The game has enjoyed critical praise since its release. The game is noted for its fast-paced gameplay with IGN claiming the game "[is] energetic and addictive, and does an absolutely fantastic job retaining the old-school charm of the original 1978 classic"; however, IGN scored the PSP version of the game slightly lower due to its lack of online play and score sharing. GameSpot stated that "the gameplay has been improved" over the original. 1UP.com called the single-player mode "engrossing" and GameSpot later concludes that "Space Invaders Extreme is a very good example of how to update a classic game".

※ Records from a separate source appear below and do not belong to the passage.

definition kossowski_Gamma ::
  "(pt \<Rightarrow> real) \<Rightarrow> (pt \<Rightarrow> real) \<Rightarrow> (pt \<Rightarrow> real) \<Rightarrow> (pt \<Rightarrow> pt) \<Rightarrow> (pt \<Rightarrow> pt) \<Rightarrow> (pt \<Rightarrow> pt) \<Rightarrow> pt \<Rightarrow> real" where
  "kossowski_Gamma E0 F0 G0 X Y Z x = (1/2) *
     ( vf_app X (ipf E0 F0 G0 Y Z) x + vf_app Y (ipf E0 F0 G0 X Z) x - vf_app Z (ipf E0 F0 G0 X Y) x
     + ip E0 F0 G0 x (lie X Y x) (Z x) - ip E0 F0 G0 x (lie X Z x) (Y x) - ip E0 F0 G0 x (lie Y Z x) (X x))"

definition admissible :: "pt set \<Rightarrow> (pt \<Rightarrow> real) \<Rightarrow> (pt \<Rightarrow> real) \<Rightarrow> (pt \<Rightarrow> real) \<Rightarrow> bool" where
  "admissible U E0 F0 G0 \<longleftrightarrow> psd_metric U E0 F0 G0 \<and>
     (\<forall>p. singular_pt U E0 F0 G0 p \<longrightarrow>
        (\<forall>V1 V2 V3. smoothV_on U V1 \<and> smoothV_on U V2 \<and> smoothV_on U V3 \<and>
            V3 p \<in> null_space E0 F0 G0 p \<longrightarrow> kossowski_Gamma E0 F0 G0 V1 V2 V3 p = 0))"

text \<open>Frontal with all singular points non-degenerate (the whole of U is one chart).\<close>
definition kossowski_metric :: "pt set \<Rightarrow> (pt \<Rightarrow> real) \<Rightarrow> (pt \<Rightarrow> real) \<Rightarrow> (pt \<Rightarrow> real) \<Rightarrow> bool" where
  "kossowski_metric U E0 F0 G0 \<longleftrightarrow> admissible U E0 F0 G0 \<and>
     (\<exists>lam. smooth2_on U lam \<and> (\<forall>x\<in>U. E0 x * G0 x - (F0 x)\<^sup>2 = (lam x)\<^sup>2) \<and>
        (\<forall>p. singular_pt U E0 F0 G0 p \<longrightarrow> (Du lam p, Dv lam p) \<noteq> (0, 0)))"

definition A2_point :: "pt set \<Rightarrow> (pt \<Rightarrow> real) \<Rightarrow> (pt \<Rightarrow> real) \<Rightarrow> (pt \<Rightarrow> real) \<Rightarrow> pt \<Rightarrow> bool" where
  "A2_point U E0 F0 G0 p \<longleftrightarrow> singular_pt U E0 F0 G0 p \<and>
     (\<exists>W eps gam eta. open W \<and> p \<in> W \<and> W \<subseteq> U \<and> eps > 0 \<and>
        smoothC_on {-eps<..<eps} gam \<and> gam 0 = p \<and>
        (\<forall>t\<in>{-eps<..<eps}. dC gam t \<noteq> 0) \<and>
        gam ` {-eps<..<eps} = {q\<in>W. singular_pt U E0 F0 G0 q} \<and>
        smoothC_on {-eps<..<eps} eta \<and>
        (\<forall>t\<in>{-eps<..<eps}. eta t \<noteq> 0 \<and> eta t \<in> null_space E0 F0 G0 (gam t)) \<and>
        (\<forall>s t. s *\<^sub>R eta 0 + t *\<^sub>R dC gam 0 = 0 \<longrightarrow> s = 0 \<and> t = 0))"

definition coord_system :: "pt set \<Rightarrow> pt set \<Rightarrow> (pt \<Rightarrow> pt) \<Rightarrow> bool" where
  "coord_system U V phi \<longleftrightarrow> open V \<and> phi ` V \<subseteq> U \<and> open (phi ` V) \<and> inj_on phi V \<and>
     smoothV_on V phi \<and> (\<exists>psi. (\<forall>x\<in>V. psi (phi x) = x) \<and> smoothV_on (phi ` V) psi)"

definition cE :: "(pt \<Rightarrow> real) \<Rightarrow> (pt \<Rightarrow> real) \<Rightarrow> (pt \<Rightarrow> real) \<Rightarrow> (pt \<Rightarrow> pt) \<Rightarrow> pt \<Rightarrow> real" where
  "cE E0 F0 G0 phi x = ip E0 F0 G0 (phi x) (DuV phi x) (DuV phi x)"
definition cF :: "(pt \<Rightarrow> real) \<Rightarrow> (pt \<Rightarrow> real) \<Rightarrow> (pt \<Rightarrow> real) \<Rightarrow> (pt \<Rightarrow> pt) \<Rightarrow> pt \<Rightarrow> real" where
  "cF E0 F0 G0 phi x = ip E0 F0 G0 (phi x) (DuV phi x) (DvV phi x)"
definition cG :: "(pt \<Rightarrow> real) \<Rightarrow> (pt \<Rightarrow> real) \<Rightarrow> (pt \<Rightarrow> real) \<Rightarrow> (pt \<Rightarrow> pt) \<Rightarrow> pt \<Rightarrow> real" where
  "cG E0 F0 G0 phi x = ip E0 F0 G0 (phi x) (DvV phi x) (DvV phi x)"

definition strongly_adapted :: "pt set \<Rightarrow> (pt \<Rightarrow> real) \<Rightarrow> (pt \<Rightarrow> real) \<Rightarrow> (pt \<Rightarrow> real) \<Rightarrow> pt \<Rightarrow> pt set \<Rightarrow> (pt \<Rightarrow> pt) \<Rightarrow> bool" where
  "strongly_adapted U E0 F0 G0 p V phi \<longleftrightarrow> coord_system U V phi \<and> p \<in> phi ` V \<and>
     (\<forall>q\<in>V. singular_pt U E0 F0 G0 (phi q) \<longleftrightarrow> snd q = 0) \<and>
     (\<forall>q\<in>V. snd q = 0 \<longrightarrow> DvV phi q \<in> null_space E0 F0 G0 (phi q))"

definition good_lambda :: "(pt \<Rightarrow> real) \<Rightarrow> (pt \<Rightarrow> real) \<Rightarrow> (pt \<Rightarrow> real) \<Rightarrow> pt set \<Rightarrow> (pt \<Rightarrow> pt) \<Rightarrow> (pt \<Rightarrow> real) \<Rightarrow> bool" where
  "good_lambda E0 F0 G0 V phi lam \<longleftrightarrow> smooth2_on V lam \<and>
     (\<forall>q\<in>V. cE E0 F0 G0 phi q * cG E0 F0 G0 phi q - (cF E0 F0 G0 phi q)\<^sup>2 = (lam q)\<^sup>2) \<and>
     (\<forall>q\<in>V. snd q = 0 \<longrightarrow> Dv lam q > 0)"

definition kappa_s :: "(pt \<Rightarrow> real) \<Rightarrow> (pt \<Rightarrow> real) \<Rightarrow> (pt \<Rightarrow> real) \<Rightarrow> (pt \<Rightarrow> pt) \<Rightarrow> (pt \<Rightarrow> real) \<Rightarrow> real \<Rightarrow> real" where
  "kappa_s E0 F0 G0 phi lam u =
     (let E = cE E0 F0 G0 phi; F = cF E0 F0 G0 phi; x = (u, 0) in
       (- Dv F x * Du E x + 2 * E x * Du (Dv F) x - E x * Dv (Dv E) x)
       / (2 * E x powr (3/2) * Dv lam x))"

Both versions of Space Invaders Extreme were listed as the best shooter game for their respective consoles by IGN. IGN also awarded the DS version as having the best artistic design and best original score, as well as being best shooter for the DS.

Aggregate score
| Aggregator | Score |
|---|---|
| Metacritic | (DS) 85/100 (PSP) 84/100 (X360) 80/100 (PC) 79/100 |

Review scores
| Publication | Score |
|---|---|
| 1Up.com | (DS) A− (PSP) A− |
| Game Informer | (DS) 8.25/10 (PSP) 8.25/10 |
| GameSpot | (DS) 7.5/10 |
| GameTrailers | 9/10 |
| IGN | (DS) 9/10 (PSP) 8.5/10 |

==Legacy==
Space Invaders Extreme 2 was released in Japan on 26 March 2009, 2 October 2009 in Europe and on 20 October 2009 in North America. There is a large amount of new content, such as new stages, boss formations, time attack mode and a 'bingo' system. The announcer voice was changed to an enthusiastic male voice, which sounds like a game show announcer.

Also, in Japan, a mini version was released to DSiWare called Space Invaders Extreme Z, which has no multiplayer or online WiFi rankings.